## Directions
Show each line of the data below that has the string "shows" in it.
- - - - -
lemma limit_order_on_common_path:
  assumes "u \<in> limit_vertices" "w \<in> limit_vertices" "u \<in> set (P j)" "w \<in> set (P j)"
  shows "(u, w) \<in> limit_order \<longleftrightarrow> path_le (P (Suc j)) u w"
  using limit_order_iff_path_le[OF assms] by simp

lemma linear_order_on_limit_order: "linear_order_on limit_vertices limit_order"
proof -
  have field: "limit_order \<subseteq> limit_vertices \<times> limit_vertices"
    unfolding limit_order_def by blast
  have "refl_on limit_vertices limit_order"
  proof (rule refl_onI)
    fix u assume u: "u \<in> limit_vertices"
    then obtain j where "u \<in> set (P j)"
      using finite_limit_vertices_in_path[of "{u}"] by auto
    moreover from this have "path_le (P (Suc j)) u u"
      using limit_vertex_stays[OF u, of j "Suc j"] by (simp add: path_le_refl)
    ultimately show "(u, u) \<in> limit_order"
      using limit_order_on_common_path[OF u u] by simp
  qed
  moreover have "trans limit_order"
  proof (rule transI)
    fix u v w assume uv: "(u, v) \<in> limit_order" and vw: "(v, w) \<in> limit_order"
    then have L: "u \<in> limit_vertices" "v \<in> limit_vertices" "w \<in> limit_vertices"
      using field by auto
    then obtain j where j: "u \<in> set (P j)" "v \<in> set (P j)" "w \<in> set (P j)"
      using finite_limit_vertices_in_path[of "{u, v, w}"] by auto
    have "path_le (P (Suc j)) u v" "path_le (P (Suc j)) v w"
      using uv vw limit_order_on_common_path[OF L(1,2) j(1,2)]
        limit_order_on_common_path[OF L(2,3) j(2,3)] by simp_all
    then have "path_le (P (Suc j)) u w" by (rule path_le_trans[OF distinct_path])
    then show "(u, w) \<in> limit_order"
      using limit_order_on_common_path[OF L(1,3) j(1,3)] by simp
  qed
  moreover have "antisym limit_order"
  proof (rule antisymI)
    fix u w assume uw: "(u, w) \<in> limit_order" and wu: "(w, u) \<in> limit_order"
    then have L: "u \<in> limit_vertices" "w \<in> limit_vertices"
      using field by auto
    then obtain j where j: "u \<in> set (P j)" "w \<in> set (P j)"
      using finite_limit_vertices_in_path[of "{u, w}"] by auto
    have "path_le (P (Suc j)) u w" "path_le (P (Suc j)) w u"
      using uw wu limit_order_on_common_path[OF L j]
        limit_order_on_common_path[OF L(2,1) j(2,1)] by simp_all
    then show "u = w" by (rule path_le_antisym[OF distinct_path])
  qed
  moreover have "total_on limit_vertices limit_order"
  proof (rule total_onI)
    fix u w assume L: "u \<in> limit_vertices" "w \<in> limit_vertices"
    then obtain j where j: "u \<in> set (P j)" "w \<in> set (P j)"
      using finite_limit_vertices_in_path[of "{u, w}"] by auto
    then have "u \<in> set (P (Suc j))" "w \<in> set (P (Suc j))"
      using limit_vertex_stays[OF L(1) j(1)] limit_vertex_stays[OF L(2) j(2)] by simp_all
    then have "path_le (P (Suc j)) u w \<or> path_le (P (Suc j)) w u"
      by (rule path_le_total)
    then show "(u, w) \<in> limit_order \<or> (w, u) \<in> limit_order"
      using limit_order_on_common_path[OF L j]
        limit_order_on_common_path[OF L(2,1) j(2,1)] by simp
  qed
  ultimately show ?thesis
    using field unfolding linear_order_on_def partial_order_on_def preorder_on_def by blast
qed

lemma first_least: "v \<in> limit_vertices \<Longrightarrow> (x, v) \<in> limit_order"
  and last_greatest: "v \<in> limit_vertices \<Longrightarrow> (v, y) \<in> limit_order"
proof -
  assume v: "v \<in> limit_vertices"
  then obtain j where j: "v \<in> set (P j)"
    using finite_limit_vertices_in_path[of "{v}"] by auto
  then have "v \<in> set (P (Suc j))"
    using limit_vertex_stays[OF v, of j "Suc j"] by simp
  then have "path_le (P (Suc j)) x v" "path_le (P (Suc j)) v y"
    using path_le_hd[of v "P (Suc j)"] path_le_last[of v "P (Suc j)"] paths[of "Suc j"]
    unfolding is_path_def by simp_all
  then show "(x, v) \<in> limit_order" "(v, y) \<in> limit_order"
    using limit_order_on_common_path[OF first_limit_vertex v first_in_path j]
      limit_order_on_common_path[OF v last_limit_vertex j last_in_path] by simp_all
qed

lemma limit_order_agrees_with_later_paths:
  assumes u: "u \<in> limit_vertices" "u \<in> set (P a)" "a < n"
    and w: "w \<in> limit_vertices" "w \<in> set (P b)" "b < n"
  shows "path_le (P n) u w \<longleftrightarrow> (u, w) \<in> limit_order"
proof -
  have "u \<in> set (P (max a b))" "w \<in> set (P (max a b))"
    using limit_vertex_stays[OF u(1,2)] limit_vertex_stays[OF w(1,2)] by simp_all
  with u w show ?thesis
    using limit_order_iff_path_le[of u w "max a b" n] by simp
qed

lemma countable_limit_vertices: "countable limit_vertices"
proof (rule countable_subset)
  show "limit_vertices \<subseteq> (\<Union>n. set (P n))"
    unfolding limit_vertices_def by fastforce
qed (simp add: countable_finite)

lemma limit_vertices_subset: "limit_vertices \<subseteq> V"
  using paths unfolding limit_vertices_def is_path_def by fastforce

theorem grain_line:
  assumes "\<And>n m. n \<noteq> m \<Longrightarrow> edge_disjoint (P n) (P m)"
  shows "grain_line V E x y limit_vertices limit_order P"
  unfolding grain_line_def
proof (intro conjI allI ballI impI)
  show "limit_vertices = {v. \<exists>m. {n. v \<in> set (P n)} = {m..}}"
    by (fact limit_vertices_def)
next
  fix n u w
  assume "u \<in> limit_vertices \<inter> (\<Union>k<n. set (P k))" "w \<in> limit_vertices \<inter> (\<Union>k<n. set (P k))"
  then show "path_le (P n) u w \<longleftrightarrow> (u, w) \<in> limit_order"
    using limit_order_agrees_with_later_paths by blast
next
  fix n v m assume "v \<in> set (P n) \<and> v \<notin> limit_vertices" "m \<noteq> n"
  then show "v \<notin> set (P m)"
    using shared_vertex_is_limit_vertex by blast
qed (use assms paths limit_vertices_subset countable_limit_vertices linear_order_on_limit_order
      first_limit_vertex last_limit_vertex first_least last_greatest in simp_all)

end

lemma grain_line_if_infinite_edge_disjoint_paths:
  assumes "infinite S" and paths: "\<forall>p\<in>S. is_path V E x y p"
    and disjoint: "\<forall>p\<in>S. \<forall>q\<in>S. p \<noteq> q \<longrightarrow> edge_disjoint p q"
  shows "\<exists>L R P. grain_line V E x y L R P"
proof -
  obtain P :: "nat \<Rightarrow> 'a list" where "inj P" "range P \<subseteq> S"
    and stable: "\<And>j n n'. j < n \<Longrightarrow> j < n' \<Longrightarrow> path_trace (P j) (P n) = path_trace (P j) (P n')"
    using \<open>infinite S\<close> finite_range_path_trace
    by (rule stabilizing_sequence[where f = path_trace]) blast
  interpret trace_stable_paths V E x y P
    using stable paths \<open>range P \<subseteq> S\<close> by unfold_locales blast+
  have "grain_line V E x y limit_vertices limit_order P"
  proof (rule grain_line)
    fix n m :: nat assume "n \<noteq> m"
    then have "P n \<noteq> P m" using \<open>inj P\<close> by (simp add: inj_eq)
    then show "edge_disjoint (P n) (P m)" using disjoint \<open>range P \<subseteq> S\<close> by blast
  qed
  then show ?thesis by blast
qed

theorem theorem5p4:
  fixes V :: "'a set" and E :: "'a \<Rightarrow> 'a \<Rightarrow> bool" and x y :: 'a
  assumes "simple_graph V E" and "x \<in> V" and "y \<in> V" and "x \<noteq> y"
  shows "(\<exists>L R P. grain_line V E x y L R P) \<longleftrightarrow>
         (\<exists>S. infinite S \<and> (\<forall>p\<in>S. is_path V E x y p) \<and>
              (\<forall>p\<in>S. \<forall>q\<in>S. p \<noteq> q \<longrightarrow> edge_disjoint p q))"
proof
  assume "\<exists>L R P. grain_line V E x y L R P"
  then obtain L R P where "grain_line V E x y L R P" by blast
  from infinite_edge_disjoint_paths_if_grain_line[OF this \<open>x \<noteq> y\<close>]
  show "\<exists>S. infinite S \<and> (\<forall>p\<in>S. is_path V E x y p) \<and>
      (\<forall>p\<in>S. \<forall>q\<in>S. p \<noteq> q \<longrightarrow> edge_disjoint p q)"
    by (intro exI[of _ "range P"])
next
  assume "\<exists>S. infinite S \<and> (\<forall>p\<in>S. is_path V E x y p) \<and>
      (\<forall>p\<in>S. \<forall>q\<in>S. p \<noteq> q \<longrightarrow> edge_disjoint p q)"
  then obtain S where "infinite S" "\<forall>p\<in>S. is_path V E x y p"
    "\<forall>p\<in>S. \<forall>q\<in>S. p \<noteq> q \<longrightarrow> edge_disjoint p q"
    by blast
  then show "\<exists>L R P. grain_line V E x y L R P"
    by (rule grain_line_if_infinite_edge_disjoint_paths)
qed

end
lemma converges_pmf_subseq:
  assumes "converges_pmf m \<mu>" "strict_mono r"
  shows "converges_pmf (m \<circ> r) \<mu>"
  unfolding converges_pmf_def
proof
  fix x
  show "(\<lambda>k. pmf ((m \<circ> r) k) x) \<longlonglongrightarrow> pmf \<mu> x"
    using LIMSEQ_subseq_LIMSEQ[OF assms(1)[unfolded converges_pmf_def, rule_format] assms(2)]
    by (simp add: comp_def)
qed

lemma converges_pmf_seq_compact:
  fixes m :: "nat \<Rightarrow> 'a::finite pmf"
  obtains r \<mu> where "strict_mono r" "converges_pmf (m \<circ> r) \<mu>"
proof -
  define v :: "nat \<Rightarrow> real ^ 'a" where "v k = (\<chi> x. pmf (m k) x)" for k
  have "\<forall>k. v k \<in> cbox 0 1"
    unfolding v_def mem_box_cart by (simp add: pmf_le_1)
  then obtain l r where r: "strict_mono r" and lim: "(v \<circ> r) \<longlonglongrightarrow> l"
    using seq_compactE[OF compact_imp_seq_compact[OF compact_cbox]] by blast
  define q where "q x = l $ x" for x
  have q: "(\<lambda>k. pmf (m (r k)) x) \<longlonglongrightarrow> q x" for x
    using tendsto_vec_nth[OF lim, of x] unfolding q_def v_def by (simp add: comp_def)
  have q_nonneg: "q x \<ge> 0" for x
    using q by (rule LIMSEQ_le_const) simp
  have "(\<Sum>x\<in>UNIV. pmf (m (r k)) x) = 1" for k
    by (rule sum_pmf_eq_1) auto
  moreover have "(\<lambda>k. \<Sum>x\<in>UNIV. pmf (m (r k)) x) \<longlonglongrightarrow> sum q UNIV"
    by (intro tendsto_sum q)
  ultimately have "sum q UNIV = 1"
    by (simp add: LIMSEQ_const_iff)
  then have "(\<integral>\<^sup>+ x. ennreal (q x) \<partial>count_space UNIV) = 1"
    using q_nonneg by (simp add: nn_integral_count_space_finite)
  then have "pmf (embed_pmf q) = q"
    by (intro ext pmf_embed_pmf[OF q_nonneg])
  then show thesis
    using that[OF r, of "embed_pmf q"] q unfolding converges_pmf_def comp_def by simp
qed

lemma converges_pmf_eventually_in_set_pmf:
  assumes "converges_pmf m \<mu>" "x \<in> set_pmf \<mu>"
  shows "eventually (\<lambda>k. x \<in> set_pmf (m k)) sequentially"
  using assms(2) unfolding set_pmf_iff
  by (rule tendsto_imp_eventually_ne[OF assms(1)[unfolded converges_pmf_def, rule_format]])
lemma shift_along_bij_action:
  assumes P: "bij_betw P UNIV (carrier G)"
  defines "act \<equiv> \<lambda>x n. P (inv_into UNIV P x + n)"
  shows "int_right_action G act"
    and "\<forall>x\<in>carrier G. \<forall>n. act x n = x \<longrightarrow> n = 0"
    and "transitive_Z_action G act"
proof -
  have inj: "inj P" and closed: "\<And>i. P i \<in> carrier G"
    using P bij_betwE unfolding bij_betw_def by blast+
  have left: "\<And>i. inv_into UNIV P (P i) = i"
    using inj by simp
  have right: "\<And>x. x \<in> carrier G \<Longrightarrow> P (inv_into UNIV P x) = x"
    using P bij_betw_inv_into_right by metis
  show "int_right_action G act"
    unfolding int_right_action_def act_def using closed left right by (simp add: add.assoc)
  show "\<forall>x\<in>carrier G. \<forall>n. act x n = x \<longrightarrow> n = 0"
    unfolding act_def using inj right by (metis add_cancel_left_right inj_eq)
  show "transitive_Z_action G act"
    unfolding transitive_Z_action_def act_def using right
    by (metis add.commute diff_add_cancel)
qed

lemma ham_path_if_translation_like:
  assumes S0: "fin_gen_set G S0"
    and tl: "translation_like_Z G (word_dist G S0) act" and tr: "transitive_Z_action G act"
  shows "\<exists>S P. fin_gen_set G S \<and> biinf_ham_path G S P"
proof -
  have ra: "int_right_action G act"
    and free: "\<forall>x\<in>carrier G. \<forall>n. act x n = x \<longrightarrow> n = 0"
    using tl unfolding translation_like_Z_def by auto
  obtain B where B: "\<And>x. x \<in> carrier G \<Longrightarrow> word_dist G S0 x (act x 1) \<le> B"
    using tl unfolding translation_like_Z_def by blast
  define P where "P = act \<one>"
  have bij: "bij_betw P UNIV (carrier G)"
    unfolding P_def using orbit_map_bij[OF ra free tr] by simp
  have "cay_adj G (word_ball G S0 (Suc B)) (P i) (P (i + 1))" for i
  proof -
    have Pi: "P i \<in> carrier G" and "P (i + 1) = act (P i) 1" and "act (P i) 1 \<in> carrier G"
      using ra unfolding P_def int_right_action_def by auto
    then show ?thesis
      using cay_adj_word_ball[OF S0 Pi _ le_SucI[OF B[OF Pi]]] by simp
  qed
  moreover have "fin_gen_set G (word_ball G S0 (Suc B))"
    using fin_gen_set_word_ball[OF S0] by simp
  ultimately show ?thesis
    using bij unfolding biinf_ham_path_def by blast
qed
- - - - -
## Response for this exercise
  shows "(u, w) \<in> limit_order \<longleftrightarrow> path_le (P (Suc j)) u w"
  shows "path_le (P n) u w \<longleftrightarrow> (u, w) \<in> limit_order"
  shows "grain_line V E x y limit_vertices limit_order P"
  shows "\<exists>L R P. grain_line V E x y L R P"
  shows "(\<exists>L R P. grain_line V E x y L R P) \<longleftrightarrow>
  shows "converges_pmf (m \<circ> r) \<mu>"
  shows "eventually (\<lambda>k. x \<in> set_pmf (m k)) sequentially"
  shows "int_right_action G act"
  shows "\<exists>S P. fin_gen_set G S \<and> biinf_ham_path G S P"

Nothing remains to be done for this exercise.